Mercredi 31 janvier, à Aubière, une adolescente de 15 ans s'est pendue dans une chambre d'hôtel. Elle y avait été placée par l'aide sociale à l'enfance (ASE). La loi du 7 février 2022 relative à la protection des enfants, dite loi Taquet, interdit pourtant de placer les mineurs de moins de 16 ans en hébergement hôtelier. Mais il aura fallu attendre ce nouveau drame pour que vous fassiez paraître – enfin – le décret d'application correspondant, plus de deux ans après la promulgation de la loi.
Si entre 7 500 et 10 000 mineurs relevant de l'ASE sont hébergés à l'hôtel, c'est parce que nous ne parvenons plus à ouvrir de nouvelles structures, faute d'attractivité des métiers concernés. Un assistant socio-éducatif en début de carrière touche seulement 1 945 euros brut par mois. De ce fait, les recrutements sont de plus en plus difficiles. Madame la ministre, que comptez-vous faire pour fixer enfin la rémunération des professionnels de l'ASE à la hauteur de leurs compétences et de leur engagement ?
Autre préoccupation : la pénurie des familles d'accueil. Alors que l'article 20 de la Convention internationale des droits de l'enfant prône le placement en famille plutôt qu'en foyer, le nombre de familles d'accueil chute en France. Entre 2016 et 2022, le nombre d'enfants confiés à l'ASE a augmenté de 25 %, et le nombre de familles d'accueil a baissé. Résultat : durant cette période, le nombre d'enfants placés en famille d'accueil est passé d'un sur deux à un sur trois. La loi Taquet a ouvert la possibilité aux assistants familiaux d'exercer une autre activité professionnelle, mais cette possibilité est encore peu utilisée. Par ailleurs, le parcours pour devenir famille d'accueil demeure long et difficile. Quelles mesures comptez-vous engager pour rendre le statut d'assistant familial plus attractif, tout en garantissant le bien-être et la sécurité des enfants placés ?

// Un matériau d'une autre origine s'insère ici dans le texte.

lemma range_lincomb_eq_span: "range (lincomb w) = V.span (range (w :: 'n::finite \<Rightarrow> 'n \<Rightarrow> 'a::field))"
proof
  have "lincomb w l \<in> V.span (range w)" for l
    unfolding lincomb_def by (intro V.span_sum V.span_scale V.span_base rangeI)
  then show "range (lincomb w) \<subseteq> V.span (range w)"
    by auto
  have "lincomb w 0 = 0"
    by (simp add: lincomb_def)
  then have "V.subspace (range (lincomb w))"
    unfolding V.subspace_def by (auto simp flip: lincomb_add lincomb_smultv intro: range_eqI)
  moreover have "range w \<subseteq> range (lincomb w)"
    using lincomb_unit_vector[of w, symmetric] by (auto intro: range_eqI)
  ultimately show "V.span (range w) \<subseteq> range (lincomb w)"
    by (rule V.span_minimal[rotated])
qed

lemma is_basis_if_span_eq_UNIV:
  assumes "finite (UNIV :: 'a set)" and "V.span (range w) = UNIV"
  shows "is_basis (w :: 'n::finite \<Rightarrow> 'n \<Rightarrow> 'a::field)"
  using finite_UNIV_surj_inj[OF finite_vectors[OF assms(1)]] assms(2)
  unfolding is_basis_def range_lincomb_eq_span[symmetric] by (simp add: bij_def)

lemma basis_in_spanning_set:
  assumes "finite (UNIV :: 'a set)" and "0 \<in> W" and "V.span W = UNIV"
  obtains w :: "'n::finite \<Rightarrow> 'n \<Rightarrow> 'a::field" where "range w \<subseteq> W" and "is_basis w"
proof -
  obtain B where "B \<subseteq> W" "V.independent B" "W \<subseteq> V.span B"
    using V.maximal_independent_subset by blast
  define e :: "'n \<Rightarrow> 'n \<Rightarrow> 'a" where "e i = (\<lambda>j. if j = i then 1 else 0)" for i
  have "lincomb e v = v" for v
    by (simp add: lincomb_def e_def fun_eq_iff sum_fun_apply if_distrib cong: if_cong)
  then have "range (lincomb e) = UNIV"
    by (metis surjI)
  then have "V.span (range e) = UNIV"
    by (simp add: range_lincomb_eq_span)
  then have "finite B" and "card B \<le> card (range e)"
    using V.independent_span_bound[of "range e" B] \<open>V.independent B\<close> by auto
  then have "card B \<le> card (UNIV :: 'n set)"
    using card_image_le[OF finite_UNIV, of e] by linarith
  then obtain g :: "_ \<Rightarrow> 'n" where g: "inj_on g B"
    using card_le_inj[OF \<open>finite B\<close> finite_UNIV] by blast
  define w where "w i = (if i \<in> g ` B then inv_into B g i else 0)" for i
  have "range w \<subseteq> W"
    using \<open>B \<subseteq> W\<close> \<open>0 \<in> W\<close> by (auto simp: w_def inv_into_into)
  moreover have "B \<subseteq> range w"
  proof
    fix b assume "b \<in> B"
    then have "w (g b) = b"
      using g by (simp add: w_def)
    then show "b \<in> range w"
      by (rule range_eqI[OF sym])
  qed
  then have "W \<subseteq> V.span (range w)"
    using \<open>W \<subseteq> V.span B\<close> V.span_mono by blast
  then have "V.span (range w) = UNIV"
    using assms(3) V.span_minimal[of W "V.span (range w)"] by auto
  ultimately show ?thesis
    using that is_basis_if_span_eq_UNIV[OF assms(1)] by blast
qed

section \<open>Frobenius-semilinear maps\<close>

lemma conj_comp:
  assumes "bij b"
  shows "inv b \<circ> (g \<circ> h) \<circ> b = (inv b \<circ> g \<circ> b) \<circ> (inv b \<circ> h \<circ> b)"
  using assms by (simp add: fun_eq_iff bij_is_surj surj_f_inv_f)

lemma conj_funpow:
  assumes "bij b"
  shows "inv b \<circ> g ^^ t \<circ> b = (inv b \<circ> g \<circ> b) ^^ t"
proof (induction t)
  case 0
  then show ?case
    using assms by (simp add: bij_is_inj)
next
  case (Suc t)
  then show ?case
    by (simp only: funpow.simps(2) conj_comp[OF assms])
qed

lemma subgroup_GammaL_funpow: "subgroup_GammaL H \<Longrightarrow> g \<in> H \<Longrightarrow> g ^^ t \<in> H"
  by (induction t) (auto simp: subgroup_GammaL_def)

lemma phi_basis_funpow_lincomb:
  assumes "is_basis \<beta>"
  shows "(phi_basis p \<beta> ^^ e) (lincomb \<beta> l) = lincomb \<beta> (\<lambda>i. l i ^ p ^ e)"
proof (induction e)
  case (Suc e)
  have "inv (lincomb \<beta>) (lincomb \<beta> l') = l'" for l'
    using assms by (simp add: is_basis_def bij_is_inj)
  then show ?case
    using Suc by (simp add: phi_basis_def power_mult[symmetric] mult.commute)
qed simp

context galois_field
begin

definition frob_semilinear :: "nat \<Rightarrow> (('n \<Rightarrow> 'a) \<Rightarrow> ('n \<Rightarrow> 'a)) \<Rightarrow> bool" where
  "frob_semilinear e g \<longleftrightarrow>
     (\<forall>u v. g (u + v) = g u + g v) \<and> (\<forall>c v. g (smultv c v) = smultv (c ^ p ^ e) (g v))"

lemma frob_semilinearD:
  assumes "frob_semilinear e g"
  shows "g (u + v) = g u + g v" and "g (smultv c v) = smultv (c ^ p ^ e) (g v)"
  using assms by (auto simp: frob_semilinear_def)

lemma smultv_linear: "frob_semilinear 0 (smultv c)"
  by (simp add: frob_semilinear_def V.scale_right_distrib mult.commute)

lemma lincomb_linear: "frob_semilinear 0 (lincomb w)"
  by (simp add: frob_semilinear_def lincomb_add lincomb_smultv)

lemma frob_semilinear_zero: "frob_semilinear e g \<Longrightarrow> g 0 = 0"
  using frob_semilinearD(1)[of e g 0 0] by simp

lemma frob_semilinear_sum: "frob_semilinear e g \<Longrightarrow> g (sum F A) = (\<Sum>i\<in>A. g (F i))"
  by (induction A rule: infinite_finite_induct) (auto simp: frob_semilinear_zero frob_semilinearD)

lemma frob_semilinear_comm_smultv: "frob_semilinear e g \<Longrightarrow> g \<circ> smultv c = smultv (c ^ p ^ e) \<circ> g"
  by (simp add: fun_eq_iff frob_semilinearD)

lemma frob_semilinear_comp:
  "frob_semilinear a g \<Longrightarrow> frob_semilinear b h \<Longrightarrow> frob_semilinear (a + b) (g \<circ> h)"
  by (simp add: frob_semilinear_def power_add power_mult[symmetric] mult.commute)

lemma frob_semilinear_funpow: "frob_semilinear a g \<Longrightarrow> frob_semilinear (a * t) (g ^^ t)"
proof (induction t)
  case 0
  then show ?case by (simp add: frob_semilinear_def)
next
  case (Suc t)
  then show ?case
    using frob_semilinear_comp[of a g "a * t" "g ^^ t"] by (simp only: funpow.simps(2) mult_Suc_right)
qed

lemma frob_semilinear_cong:
  "frob_semilinear a g \<Longrightarrow> a mod f = b mod f \<Longrightarrow> frob_semilinear b g"
  by (simp add: frob_semilinear_def frob_power_cong[of a b])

Enfin, dernier point et non des moindres, beaucoup de jeunes confiés à l'ASE se trouvent livrés à eux-mêmes lorsqu'ils atteignent l'âge de la majorité, faute de contrats jeune majeur. Le rapport « Laissez-nous réaliser nos rêves ! » du Conseil d'orientation des politiques de jeunesse (COJ), publié en juin 2023, souligne que l'accès des jeunes majeurs à leurs droits fondamentaux relève du « parcours du combattant ». La situation qui en résulte doit être rappelée avec force : un quart des personnes sans domicile fixe nées en France sont d'anciens enfants placés. C'est une honte pour la France ! Ces enfants nous sont confiés, et nous les accompagnons si mal que nous les menons à la rue.
En outre, la loi « immigration », adoptée en décembre 2023, interdit aux mineurs isolés ayant reçu une obligation de quitter le territoire français (OQTF) de bénéficier d'un contrat jeune majeur. La seule perspective que vous proposez à ces jeunes, c'est la rue ! Madame la ministre, quand allez-vous enfin soutenir les départements pour que tous les enfants confiés à l'ASE puissent bénéficier d'un contrat jeune majeur ? La réponse que vous avez faite à ma collègue Sophia Chikirou était pleine de bonnes intentions, mais vous n'avez annoncé aucune mesure et aucun moyen supplémentaire. Nous attendons des décisions précises.